◆ **Task requirements**: Transcribe the data underneath exactly, keeping every word in place.

◆ **Data provided**:
(* Let $C\subset\mathbb{R}^d$ be a smooth centrally symmetric convex body and let $(G,p)$ be a framework in $\mathbb{R}^d$ that is regular with respect to $\|\cdot\|_C$. Then $(G,p)$ is constant with respect to $\|\cdot\|_C$.
   Context: A centrally symmetric convex body $C$ (compact, convex, non-empty interior, $C=-C$) defines the norm $\|x\|_C=\inf\{\lambda>0:x\in\lambda C\}$; $C$ is smooth if every boundary point has a unique supporting hyperplane. A framework $(G,p)$ is a finite simple graph $G=(V,E)$ with $p=(p_v)_{v\in V}\in\mathbb{R}^{d|V|}$. It is well-positioned if $p_v\ne p_w$ for all $vw\in E$ and $f_{G,C}:q\mapsto(\tfrac12\|q_v-q_w\|_C^2)_{vw\in E}$ is differentiable at $p$; then the rigidity matrix $R_C(G,p)$ is the derivative of $f_{G,C}$ at $p$ (row $vw$ has $\varphi_C(p_v-p_w)$ in the $v$ columns, $\varphi_C(p_w-p_v)$ in the $w$ columns, zeros elsewhere, where $\varphi_C(x)$ is the derivative of $\tfrac12\|\cdot\|_C^2$ at $x$). $(G,p)$ is regular if it is well-positioned and $\operatorname{rank}R_C(G,p)\ge\operatorname{rank}R_C(G,q)$ for every well-positioned placement $q$ of $G$. $(G,p)$ is constant if there is a neighbourhood $U$ of $p$ in $\mathbb{R}^{d|V|}$ such that every $q\in U$ gives a well-positioned $(G,q)$ with $\operatorname{rank}R_C(G,q)=\operatorname{rank}R_C(G,p)$. *)

theory Defs
  imports "HOL-Analysis.Analysis"
begin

◆ **Answer box**:
(* Let $C\subset\mathbb{R}^d$ be a smooth centrally symmetric convex body and let $(G,p)$ be a framework in $\mathbb{R}^d$ that is regular with respect to $\|\cdot\|_C$. Then $(G,p)$ is constant with respect to $\|\cdot\|_C$.
   Context: A centrally symmetric convex body $C$ (compact, convex, non-empty interior, $C=-C$) defines the norm $\|x\|_C=\inf\{\lambda>0:x\in\lambda C\}$; $C$ is smooth if every boundary point has a unique supporting hyperplane. A framework $(G,p)$ is a finite simple graph $G=(V,E)$ with $p=(p_v)_{v\in V}\in\mathbb{R}^{d|V|}$. It is well-positioned if $p_v\ne p_w$ for all $vw\in E$ and $f_{G,C}:q\mapsto(\tfrac12\|q_v-q_w\|_C^2)_{vw\in E}$ is differentiable at $p$; then the rigidity matrix $R_C(G,p)$ is the derivative of $f_{G,C}$ at $p$ (row $vw$ has $\varphi_C(p_v-p_w)$ in the $v$ columns, $\varphi_C(p_w-p_v)$ in the $w$ columns, zeros elsewhere, where $\varphi_C(x)$ is the derivative of $\tfrac12\|\cdot\|_C^2$ at $x$). $(G,p)$ is regular if it is well-positioned and $\operatorname{rank}R_C(G,p)\ge\operatorname{rank}R_C(G,q)$ for every well-positioned placement $q$ of $G$. $(G,p)$ is constant if there is a neighbourhood $U$ of $p$ in $\mathbb{R}^{d|V|}$ such that every $q\in U$ gives a well-positioned $(G,q)$ with $\operatorname{rank}R_C(G,q)=\operatorname{rank}R_C(G,p)$. *)

theory Defs
  imports "HOL-Analysis.Analysis"
begin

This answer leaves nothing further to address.